‘Know the worth of RTI, get its maximum use’ | Daily News
Government Information Department Chief Mohan Samaranayake says

‘Know the worth of RTI, get its maximum use’

Today (September 28) is International Right to Information (RTI) Day. Officially known as the International Day for Universal Access to Information (IDUAI), the day was proclaimed at the 74th UN General Assembly in October 2019.

The theme of the IDUAI-2021 will highlight the role of Access to Information laws and their implementation to build back strong institutions for the public good and sustainable development, as well as to strengthen the right to information and international cooperation in the field of implementing this human right.

Following numerous attempts for years, Sri Lanka was able to have its own Right to Information Act under the Good Governance Government in 2016. This year Sri Lanka marks the fifth year of the enactment of this much-needed legislation.

Here is what the Director General of Government Information Department Mohan Samaranayake told the Daily News about Sri Lanka’s RTI Act and the citizens’ rights to access to information.

Excerpts from the interview:

Q. What is your opinion about Sri Lankans receiving the right to access information?

Information DG Mohan Samaranayake

A. Every citizen has the right to information. We inherit it. It is essential for the public to have knowledge about economic, political and social factors in order to make the right decisions and also to live accordingly. But just a document or an enacted legislation alone would not ensure this right within society. For it to be a successful move, there needs to have a just, open and righteous society. Such a society is the foundation of the people’s right to information.

Q. Your idea about the existing RTI Act in Sri Lanka?

A. I don’t say the existing law or the Act is bad or unsuitable. “Something is better than nothing”. But, this Act has so many limitations that prevent citizens from accessing information. What I see is that apart from journalists, people at the grassroots level do not make use of it as expected. In a country like Sri Lanka, the ordinary man who is engaged in a life and death struggle for survival do not make use of it. However, this Act has some good features as well. My idea is that there are some points that can be inserted into this piece of legislation. As an example, it should be proclaimed as a punishable offence if any agreement is signed or a project is implemented without informing the public beforehand.

Under different governments, there were instances where the public came to know about the very crucial development projects or agreements only after the move was undertaken.

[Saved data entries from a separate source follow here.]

(* Let $F$ be a Finsler structure on a smooth manifold $M$ of dimension $n\ge2$, and let $\alpha=d_JS-d\tau=\frac{\partial S}{\partial y^k}dx^k-d\tau$ (equivalently $\alpha=\nabla I_k\,dx^k-I_k\,\delta y^k$ with $I_k=\frac{\partial\tau}{\partial y^k}$). The $\chi$-curvature of $F$ vanishes if and only if any one of the following (mutually equivalent) conditions holds: (i) $\mathcal{L}_G\alpha=0$; (ii) $d_hd_JS=\frac{\delta}{\delta x^j}\left(\frac{\partial S}{\partial y^i}\right)dx^j\wedge dx^i=0$; (iii) $d\alpha=2E_{ij}\,\delta y^i\wedge dx^j$.
   Context: $M$ is a smooth $n$-manifold, $T_0M=TM\setminus\{0\}$, with induced coordinates $(x^i,y^i)$. A Finsler structure is a function $F:TM\to[0,\infty)$, continuous, positively $1$-homogeneous in $y$, smooth on $T_0M$, such that $g_{ij}=\frac12\frac{\partial^2F^2}{\partial y^i\partial y^j}$ is non-degenerate on $T_0M$; $g^{ij}$ is its inverse. The geodesic spray is $G=y^i\frac{\partial}{\partial x^i}-2G^i\frac{\partial}{\partial y^i}$ with $G^i=\frac14 g^{ij}\left(\frac{\partial^2F^2}{\partial y^j\partial x^k}y^k-\frac{\partial F^2}{\partial x^j}\right)$; $\mathcal{L}_G$ is the Lie derivative along $G$. Set $N^j_i=\frac{\partial G^j}{\partial y^i}$, $\frac{\delta}{\delta x^i}=\frac{\partial}{\partial x^i}-N^j_i\frac{\partial}{\partial y^j}$, $\delta y^i=dy^i+N^i_jdx^j$. The mean Berwald curvature is $E_{ij}=\frac12\frac{\partial^3G^k}{\partial y^i\partial y^j\partial y^k}$. For a semi-basic covector $I_k$, $\nabla I_k=G(I_k)-I_jN^j_k$ (dynamical covariant derivative). Fix a volume form $\sigma(x)\,dx\wedge dy$ on $TM$ with $\sigma$ depending only on $x$; the distortion is $\tau=\frac12\ln\frac{\det(g_{ij})}{\sigma}$, and $S=G(\tau)$. $d_JS=\frac{\partial S}{\partial y^i}dx^i$; $d_h=i_hd-di_h$ is the derivation associated with the horizontal projector $h=\frac{\delta}{\delta x^i}\otimes dx^i$. The $\chi$-curvature is $\chi=\frac12\left\{G\left(\frac{\partial S}{\partial y^i}\right)-\frac{\partial S}{\partial x^i}\right\}dx^i$. *)

theory Defs
  imports "HOL-Analysis.Analysis"
begin

text \<open>Local-coordinate model: the manifold M is (a chart domain) an open set
U of R^n, TM = U x R^n with induced coordinates (x^i, y^i). Coordinates on TM are indexed by 'n + 'n:
Inl i is x^i, Inr i is y^i.\<close>

type_synonym 'n pt = "(real^'n) \<times> (real^'n)"

definition dirD :: "('a::real_normed_vector \<Rightarrow> real) \<Rightarrow> 'a \<Rightarrow> 'a \<Rightarrow> real" where
  "dirD f v p = deriv (\<lambda>t. f (p + t *\<^sub>R v)) 0"

definition smooth_on :: "'a::real_normed_vector set \<Rightarrow> ('a \<Rightarrow> real) \<Rightarrow> bool" where
  "smooth_on W f \<longleftrightarrow> (\<forall>vs. \<forall>p\<in>W. (foldr (\<lambda>v g. dirD g v) vs f) differentiable (at p))"

definition cvec :: "'n + 'n \<Rightarrow> ('n::finite) pt" where
  "cvec A = (case A of Inl i \<Rightarrow> (axis i 1, 0) | Inr i \<Rightarrow> (0, axis i 1))"

definition pd :: "'n + 'n \<Rightarrow> (('n::finite) pt \<Rightarrow> real) \<Rightarrow> 'n pt \<Rightarrow> real" where
  "pd A f = dirD f (cvec A)"
lemma Dioph_le_abs_mult_sub:
  assumes "\<alpha> \<in> Dioph \<gamma> \<tau>" and "1 \<le> q"
  shows "\<gamma> / real_of_int q powr \<tau> \<le> \<bar>of_int q * \<alpha> - of_int p\<bar>"
proof -
  have "\<forall>q::nat. 1 \<le> q \<longrightarrow> \<gamma> / real q powr \<tau> \<le> dist_int (real q * \<alpha>)"
    using assms(1) by (simp add: Dioph_def)
  then have "\<gamma> / real (nat q) powr \<tau> \<le> dist_int (real (nat q) * \<alpha>)"
    using assms(2) by (simp del: of_nat_nat)
  then show ?thesis
    using assms(2) dist_int_le[of "of_int q * \<alpha>" p] by simp
qed

lemma Dioph_not_Rats:
  assumes "0 < \<gamma>" and "\<alpha> \<in> Dioph \<gamma> \<tau>"
  shows "\<alpha> \<notin> \<rat>"
proof
  assume "\<alpha> \<in> \<rat>"
  then obtain p q where "0 < q" and "\<alpha> = of_int p / of_int q"
    by (rule Rats_cases') blast
  then have "\<gamma> / real_of_int q powr \<tau> \<le> 0"
    using Dioph_le_abs_mult_sub[OF assms(2), of q p] by simp
  with \<open>0 < \<gamma>\<close> \<open>0 < q\<close> show False
    by (simp add: divide_le_0_iff)
qed

lemma Dioph_threshold_denominator_pos:
  fixes \<alpha> \<gamma> \<tau> :: real
  assumes "1 \<le> \<tau>" and "0 < \<gamma>" and "\<alpha> \<in> Dioph \<gamma> \<tau>"
  shows "0 < (1 / \<gamma> - cf_q \<alpha> (n+1) / real_of_int (cf_q \<alpha> n) powr \<tau>)
              - cf_q \<alpha> n * cf_q \<alpha> (n+1) / real_of_int (cf_q \<alpha> (n+2)) powr (\<tau> + 1)"
proof -
  have cf: "\<alpha> \<notin> \<rat>" "0 < \<alpha>" "\<alpha> < 1"
    using Dioph_not_Rats[OF assms(2,3)] Dioph_pos_less_1[OF assms(3)] by auto
  define q0 q1 q2 where "q0 = real_of_int (cf_q \<alpha> n)"
    and "q1 = real_of_int (cf_q \<alpha> (n + 1))" and "q2 = real_of_int (cf_q \<alpha> (n + 2))"
  define x where "x = cf_rem \<alpha> (Suc n)"
  define A B where "A = q0 powr \<tau>" and "B = q2 powr (\<tau> + 1)"
  have "1 \<le> q0" "q0 \<le> q1" "q1 \<le> q2" "q0 < x * q2" "0 < x"
    using cf_q_ge_1[OF cf, of n] cf_q_le_Suc[OF cf, of n] cf_q_le_Suc[OF cf, of "Suc n"]
      cf_q_less_cf_rem_mult_cf_q[OF cf, of n] cf_rem_pos[OF cf(1,2)]
    by (simp_all add: q0_def q1_def q2_def x_def del: cf_q_Suc_Suc)
  then have "0 < A" "0 < B" "0 < q1 + q0 * x"
    by (simp_all add: A_def B_def add_pos_nonneg)
  have "\<gamma> / A \<le> \<bar>q0 * \<alpha> - cf_p \<alpha> n\<bar>"
    using Dioph_le_abs_mult_sub[OF assms(3)] cf_q_ge_1[OF cf] by (simp add: A_def q0_def)
  also have "\<dots> = 1 / (q1 + q0 * x)"
    using cf_q_mult_sub_cf_p[OF cf, of n] \<open>0 < q1 + q0 * x\<close>
    by (simp add: q0_def q1_def x_def abs_mult)
  finally have "q1 / A + q0 * x / A \<le> 1 / \<gamma>"
    using \<open>0 < A\<close> \<open>0 < q1 + q0 * x\<close> \<open>0 < \<gamma>\<close> by (simp add: field_simps)
  moreover have "q1 * A < x * B"
    unfolding A_def B_def using \<open>1 \<le> q0\<close> \<open>q0 \<le> q1\<close> \<open>q1 \<le> q2\<close> \<open>q0 < x * q2\<close> assms(1)
    by (intro mult_powr_less_mult_powr) auto
  then have "q0 * q1 / B < q0 * x / A"
    using \<open>0 < A\<close> \<open>0 < B\<close> \<open>1 \<le> q0\<close> by (simp add: field_simps)
  ultimately show ?thesis
    by (simp add: q0_def q1_def q2_def A_def B_def)
qed

lemma gap_less_iff_threshold_less:
  fixes a q0 q1 q2 \<gamma> A B :: real
  assumes "0 < q0" and "0 < q1" and "0 \<le> a" and "0 < \<gamma>" and "0 < A" and "0 < B"
    and "q2 = a * q1 + q0" and "0 < (1 / \<gamma> - q1 / A) - q0 * q1 / B"
  shows "\<gamma> / (q0 * A) + \<gamma> / B < a / (q0 * q2)
           \<longleftrightarrow> q0 / (\<gamma> * q1) * (1 / ((1 / \<gamma> - q1 / A) - q0 * q1 / B)) - q0 / q1 < a"
proof -
  define D where "D = (1 / \<gamma> - q1 / A) - q0 * q1 / B"
  define E where "E = \<gamma> * q2 * (1 / A + q0 / B)"
  have "0 < q2" "0 < D"
    using assms by (simp_all add: D_def add_nonneg_pos)
  have D_E: "\<gamma> * q2 * D - q0 = q2 - q0 - q1 * E"
    using assms by (simp add: D_def E_def field_simps)
  have "(\<gamma> / (q0 * A) + \<gamma> / B) * (q0 * q2) = E"
    using assms by (simp add: E_def field_simps)
  then have "\<gamma> / (q0 * A) + \<gamma> / B < a / (q0 * q2) \<longleftrightarrow> E < a"
    using \<open>0 < q2\<close> assms(1) by (simp add: pos_less_divide_eq)
  also have "\<dots> \<longleftrightarrow> q1 * E < q2 - q0"
    using assms by (simp add: mult.commute[of a])
  also have "\<dots> \<longleftrightarrow> q0 < \<gamma> * q2 * D"
    using D_E by linarith
  also have "\<dots> \<longleftrightarrow> q0 / (\<gamma> * q1 * D) < a + q0 / q1"
    using \<open>0 < D\<close> assms by (simp add: field_simps)
  finally show ?thesis
    by (simp add: D_def algebra_simps)
qed
lemma stab_row_valid_ordering:
  fixes U Ud :: "real \<Rightarrow> real" and I :: "real set" and \<tau> \<epsilon> :: real
    and eps :: "nat \<Rightarrow> nat \<Rightarrow> real" and ord :: "nat \<Rightarrow> nat list"
  assumes slope_pos: "\<And>s. s \<le> 0 \<Longrightarrow> 0 < kick_slope U I Ud \<tau> s"
    and slope_decr: "\<And>s s'. s' < s \<Longrightarrow> s \<le> 0 \<Longrightarrow> kick_slope U I Ud \<tau> s < kick_slope U I Ud \<tau> s'"
    and Pre_sub: "Pre i \<subseteq> {..<N} - {i}" and i: "i < N"
    and eps_supp: "\<And>j. j < N \<Longrightarrow> eps i j \<noteq> 0 \<longleftrightarrow> j \<in> Pre i"
    and inhib: "\<And>j. j < N \<Longrightarrow> eps i j \<le> 0"
    and eps_sum: "(\<Sum>j<N. eps i j) = \<epsilon>"
    and dist: "distinct (ord i)" and set_ord: "set (ord i) = Pre i"
  shows "\<And>j. j \<in> insert i (Pre i) \<Longrightarrow> 0 < stab_matrix U I Ud \<tau> \<epsilon> eps ord i j"
    and "\<And>j. 0 \<le> stab_matrix U I Ud \<tau> \<epsilon> eps ord i j"
    and "(\<Sum>j<N. stab_matrix U I Ud \<tau> \<epsilon> eps ord i j) = 1"
proof -
  have no_self: "i \<notin> set (ord i)" using Pre_sub set_ord by auto
  have eps_neg: "eps i j < 0" if "j \<in> set (ord i)" for j
    using that set_ord Pre_sub eps_supp[of j] inhib[of j] by force
  have "(\<Sum>j\<in>set (ord i). eps i j) = (\<Sum>j<N. eps i j)"
    by (rule sum.mono_neutral_left) (use Pre_sub set_ord eps_supp in auto)
  then have eps_total: "(\<Sum>j\<in>set (ord i). eps i j) = \<epsilon>" using eps_sum by simp
  have row_pos: "0 < stab_matrix U I Ud \<tau> \<epsilon> eps ord i j" if "j \<in> insert i (set (ord i))" for j
    by (rule stab_row_stochastic(1)[where eps = eps and ord = ord and i = i])
      (fact slope_pos slope_decr dist no_self eps_neg eps_total that)+
  have row_sum: "(\<Sum>j\<in>insert i (set (ord i)). stab_matrix U I Ud \<tau> \<epsilon> eps ord i j) = 1"
    by (rule stab_row_stochastic(2)[where eps = eps and ord = ord and i = i])
      (fact slope_pos slope_decr dist no_self eps_neg eps_total)+
  show pos: "0 < stab_matrix U I Ud \<tau> \<epsilon> eps ord i j" if "j \<in> insert i (Pre i)" for j
    using row_pos that set_ord by simp
  show "0 \<le> stab_matrix U I Ud \<tau> \<epsilon> eps ord i j" for j
    using pos[of j] stab_matrix_outside[of j i ord] set_ord by (cases "j \<in> insert i (Pre i)") auto
  have "(\<Sum>j<N. stab_matrix U I Ud \<tau> \<epsilon> eps ord i j)
          = (\<Sum>j\<in>insert i (Pre i). stab_matrix U I Ud \<tau> \<epsilon> eps ord i j)"
    by (rule sum.mono_neutral_right) (use i Pre_sub set_ord stab_matrix_outside in auto)
  then show "(\<Sum>j<N. stab_matrix U I Ud \<tau> \<epsilon> eps ord i j) = 1" using row_sum set_ord by simp
qed

lemma finite_positive_lower_bound:
  fixes f :: "'a \<Rightarrow> real"
  assumes "finite A" and "\<And>x. x \<in> A \<Longrightarrow> 0 < f x"
  shows "\<exists>\<gamma>>0. \<forall>x\<in>A. \<gamma> \<le> f x"
proof (intro exI[of _ "Min (insert 1 (f ` A))"] conjI ballI)
  show "0 < Min (insert 1 (f ` A))" using assms by simp
  show "Min (insert 1 (f ` A)) \<le> f x" if "x \<in> A" for x
    using assms that by simp
qed

text \<open>Since there are only finitely many enumerations of each \<open>Pre i\<close>, the positive entries of
  all stability matrices are bounded below by a single \<open>\<gamma> > 0\<close>.\<close>

lemma stab_uniform_lower_bound:
  fixes U Ud :: "real \<Rightarrow> real" and I :: "real set" and \<tau> \<epsilon> :: real
    and eps :: "nat \<Rightarrow> nat \<Rightarrow> real"
  assumes Pre_sub: "\<And>i. i < N \<Longrightarrow> Pre i \<subseteq> {..<N}"
    and pos: "\<And>ord i j. i < N \<Longrightarrow> distinct (ord i) \<Longrightarrow> set (ord i) = Pre i \<Longrightarrow>
                j \<in> insert i (Pre i) \<Longrightarrow> 0 < stab_matrix U I Ud \<tau> \<epsilon> eps ord i j"
  shows "\<exists>\<gamma>>0. \<forall>ord i j. i < N \<longrightarrow> distinct (ord i) \<longrightarrow> set (ord i) = Pre i \<longrightarrow>
           j \<in> insert i (Pre i) \<longrightarrow> \<gamma> \<le> stab_matrix U I Ud \<tau> \<epsilon> eps ord i j"
proof -
  define A where "A = {(xs, i, j). i < N \<and> distinct xs \<and> set xs = Pre i \<and> j \<in> insert i (Pre i)}"
  define f where "f = (\<lambda>(xs, i, j). stab_matrix U I Ud \<tau> \<epsilon> eps (\<lambda>_. xs) i j)"
  have "A \<subseteq> {xs. set xs \<subseteq> {..<N} \<and> distinct xs} \<times> {..<N} \<times> {..<N}"
    using Pre_sub by (auto simp: A_def)
  then have "finite A"
    by (rule finite_subset) (intro finite_cartesian_product finite_subset_distinct; simp)
  moreover have "0 < f x" if xA: "x \<in> A" for x
  proof -
    obtain xs i j where "x = (xs, i, j)" "i < N" "distinct xs" "set xs = Pre i"
      "j \<in> insert i (Pre i)"
      using xA by (auto simp: A_def)
    then show ?thesis using pos[of i "\<lambda>_. xs" j] by (simp add: f_def)
  qed
  ultimately obtain \<gamma> where \<gamma>: "0 < \<gamma>" "\<forall>x\<in>A. \<gamma> \<le> f x"
    using finite_positive_lower_bound by blast
  show ?thesis
  proof (intro exI[of _ \<gamma>] conjI allI impI)
    fix ord i j assume "i < N" "distinct (ord i)" "set (ord i) = Pre i" "j \<in> insert i (Pre i)"
    then have "(ord i, i, j) \<in> A" by (simp add: A_def)
    then have "\<gamma> \<le> f (ord i, i, j)" using \<gamma>(2) by blast
    also have "f (ord i, i, j) = stab_matrix U I Ud \<tau> \<epsilon> eps ord i j"
      by (simp add: f_def stab_matrix_row_only[of U I Ud \<tau> \<epsilon> eps ord i j])
    finally show "\<gamma> \<le> stab_matrix U I Ud \<tau> \<epsilon> eps ord i j" .
  qed (rule \<gamma>(1))
qed

lemma stab_matrices_uniformly_positive:
  fixes U Ud :: "real \<Rightarrow> real" and I :: "real set" and \<tau> \<epsilon> :: real
    and eps :: "nat \<Rightarrow> nat \<Rightarrow> real"
  assumes slope_pos: "\<And>s. s \<le> 0 \<Longrightarrow> 0 < kick_slope U I Ud \<tau> s"
    and slope_decr: "\<And>s s'. s' < s \<Longrightarrow> s \<le> 0 \<Longrightarrow> kick_slope U I Ud \<tau> s < kick_slope U I Ud \<tau> s'"
    and Pre_sub: "\<And>i. i < N \<Longrightarrow> Pre i \<subseteq> {..<N} - {i}"
    and eps_supp: "\<And>i j. i < N \<Longrightarrow> j < N \<Longrightarrow> (eps i j \<noteq> 0 \<longleftrightarrow> j \<in> Pre i)"
    and inhib: "\<And>i j. i < N \<Longrightarrow> j < N \<Longrightarrow> eps i j \<le> 0"
    and eps_sum: "\<And>i. i < N \<Longrightarrow> (\<Sum>j<N. eps i j) = \<epsilon>"
  shows "\<exists>\<gamma>>0. \<forall>ord i. i < N \<longrightarrow> distinct (ord i) \<longrightarrow> set (ord i) = Pre i \<longrightarrow>
           (\<forall>j. 0 \<le> stab_matrix U I Ud \<tau> \<epsilon> eps ord i j)
           \<and> (\<Sum>j<N. stab_matrix U I Ud \<tau> \<epsilon> eps ord i j) = 1
           \<and> (\<forall>j\<in>insert i (Pre i). \<gamma> \<le> stab_matrix U I Ud \<tau> \<epsilon> eps ord i j)"
proof -
  have row: "(\<forall>j\<in>insert i (Pre i). 0 < stab_matrix U I Ud \<tau> \<epsilon> eps ord i j)
      \<and> (\<forall>j. 0 \<le> stab_matrix U I Ud \<tau> \<epsilon> eps ord i j)
      \<and> (\<Sum>j<N. stab_matrix U I Ud \<tau> \<epsilon> eps ord i j) = 1"
    if "i < N" "distinct (ord i)" "set (ord i) = Pre i" for i ord
    using stab_row_valid_ordering[where N = N and Pre = Pre and \<epsilon> = \<epsilon> and eps = eps and i = i
        and ord = ord, OF slope_pos slope_decr Pre_sub[OF that(1)] that(1)
        eps_supp[OF that(1)] inhib[OF that(1)] eps_sum[OF that(1)] that(2,3)]
    by blast
  moreover obtain \<gamma> where "0 < \<gamma>" "\<forall>ord i j. i < N \<longrightarrow> distinct (ord i) \<longrightarrow> set (ord i) = Pre i \<longrightarrow>
      j \<in> insert i (Pre i) \<longrightarrow> \<gamma> \<le> stab_matrix U I Ud \<tau> \<epsilon> eps ord i j"
    using stab_uniform_lower_bound[of N Pre U I Ud \<tau> \<epsilon> eps] row Pre_sub by blast
  ultimately show ?thesis by blast
qed
lemma unitary_mat_cols:
  assumes "unitary_mat n U" "i < n" "j < n"
  shows "(\<Sum>k<n. cnj (U $$ (k, i)) * U $$ (k, j)) = (if i = j then 1 else 0)"
proof -
  have U: "U \<in> carrier_mat n n" using assms(1) by (rule unitary_mat_carrier)
  have "(mat_adjoint U * U) $$ (i, j) = (\<Sum>k<n. cnj (U $$ (k, i)) * U $$ (k, j))"
    unfolding mat_mult_entry_sum[OF mat_adjoint_carrier[OF U] U assms(2,3)]
    using assms(2,3) by (simp add: mat_adjoint_entry[OF U])
  then show ?thesis using assms unfolding unitary_mat_def by auto
qed

lemma unitary_matI_cols:
  assumes U: "U \<in> carrier_mat n n"
    and cols: "\<And>i j. i < n \<Longrightarrow> j < n \<Longrightarrow> (\<Sum>k<n. cnj (U $$ (k, i)) * U $$ (k, j)) = (if i = j then 1 else 0)"
  shows "unitary_mat n U"
proof -
  have left: "mat_adjoint U * U = 1\<^sub>m n"
  proof (rule eq_matI)
    fix i j assume "i < dim_row (1\<^sub>m n)" "j < dim_col (1\<^sub>m n)"
    then have ij: "i < n" "j < n" by auto
    show "(mat_adjoint U * U) $$ (i, j) = 1\<^sub>m n $$ (i, j)"
      unfolding mat_mult_entry_sum[OF mat_adjoint_carrier[OF U] U ij]
      using cols[OF ij] ij by (simp add: mat_adjoint_entry[OF U])
  qed (use U mat_adjoint_carrier[OF U] in auto)
  then have "U * mat_adjoint U = 1\<^sub>m n"
    by (rule mat_mult_left_right_inverse[OF mat_adjoint_carrier[OF U] U])
  with U left show ?thesis unfolding unitary_mat_def by auto
qed

lemma unitary_mat_mult:
  assumes U: "unitary_mat n U" and V: "unitary_mat n V"
  shows "unitary_mat n (U * V)"
proof -
  have Um: "U \<in> carrier_mat n n" and Vm: "V \<in> carrier_mat n n"
    using U V by (simp_all add: unitary_mat_carrier)
  have "mat_adjoint (U * V) * (U * V) = mat_adjoint V * (mat_adjoint U * U) * V"
    using Um Vm mat_adjoint_carrier[OF Um] mat_adjoint_carrier[OF Vm]
    by (simp add: mat_adjoint_mult[OF Um Vm] assoc_mult_mat[of _ n n _ n _ n])
  also have "\<dots> = 1\<^sub>m n"
    using U V Vm mat_adjoint_carrier[OF Vm] unfolding unitary_mat_def by auto
  finally have left: "mat_adjoint (U * V) * (U * V) = 1\<^sub>m n" .
  have "(U * V) * mat_adjoint (U * V) = 1\<^sub>m n"
    by (rule mat_mult_left_right_inverse[OF mat_adjoint_carrier _ left]) (use Um Vm in auto)
  with left Um Vm show ?thesis unfolding unitary_mat_def by auto
qed

lemma cnj_mult_self: "cnj z * z = complex_of_real ((cmod z)\<^sup>2)"
  by (metis complex_norm_square mult.commute)

lemma mult_of_real_mult_cnj: "z * complex_of_real a * cnj z = complex_of_real ((cmod z)\<^sup>2 * a)"
proof -
  have "z * complex_of_real a * cnj z = complex_of_real a * (z * cnj z)" by (simp add: mult_ac)
  also have "\<dots> = complex_of_real ((cmod z)\<^sup>2 * a)" by (simp only: complex_norm_square[symmetric] of_real_mult mult.commute)
  finally show ?thesis .
qed
lemma cnj_mult_of_real_mult: "cnj z * complex_of_real a * z = complex_of_real ((cmod z)\<^sup>2 * a)"
  using mult_of_real_mult_cnj[of z a] by (simp add: mult_ac)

This is not acceptable at all and needs to be monitored through such Acts.

Q. Advantages and disadvantages of Sri Lankans receiving the right to information?

A. As advantages, if people have access to information about upcoming development projects beforehand, they, especially the knowledgeable and intellectual groups will be able to review the pros and cons of them. If such a mechanism was in effect, the impacts and the responses for the recent ban on the import of chemical fertiliser to Sri Lanka could have been much more effective and positive. As for disadvantages, I see the same point can be misused by the parties with vested interests to ruin possible good results as we are living in a divided society.

Q. Are you satisfied with the present system of information dissemination in Sri Lanka?

A. I am not happy with the present system. This is about both mainstream and social media. For example, during the pandemic period, we barely received scientific information about Covid-19 through these media. I don’t undermine the role played by the media during the pandemic. The media institutions implemented many good programmes to educate the public. We have to admit that. But it is not enough. I saw the broadcast media used this pandemic as a way of promoting themselves. I am not 100 percent satisfied with the electronic media which gave priority to sensationalise, create panic and make the public scared, I must say.

Q. Did mass and social media play a responsible role during the lockdown period?

A. I am personally satisfied with the behaviour of the print media than others during this period. They also made some mistakes. But, better than electronic and web-based media. However, social media are the worst. They were totally irresponsible and full of fabricated news and information.

Q. What plans does the Government have to monitor social media?

A. There was an ad hoc discussion to have a regulatory body to oversee the behaviour of fake social media accounts. It was highly criticised and opposed by various parties. However, this was not a well-organised discussion. Therefore, so far nothing is going on to monitor them. The main problem is the inability to trace the culprits in social media. As they are not properly identified or based within the country it is difficult to trace them. Anyway, this extremely harmful and dangerous social media needs to be regulated or controlled strictly.

Q. What plans do you have to ensure the journalists’ right to information?

A. As the present Director General, I am trying to do whatever is possible. But due to the Covid-19 situation, many plans have been put on hold. We are dedicated to work with and assist journalists to receive correct information with regard to the government institutions and activities at every time possible. There will be discussions with the recently appointed Cabinet Minister in charge of the Mass Media subject about the programmes to be implemented in this regard.

Q. Why aren’t the websites of many government institutions functioning properly?

A. We have identified that there is a need to streamline the websites owned by the government institutions in order to facilitate the journalists and the public with easy access to the functions of these institutions.

Q. What is the message the Director General of the Information Department gives to the public to make the best use of the existing RTI provisions?

A. Mainly, I urge the public to understand and learn about this extraordinary piece of legislature which is one of your fundamental rights. Make use of it whenever and wherever possible and necessary. When people are well aware of this law, they will make use of it more and more.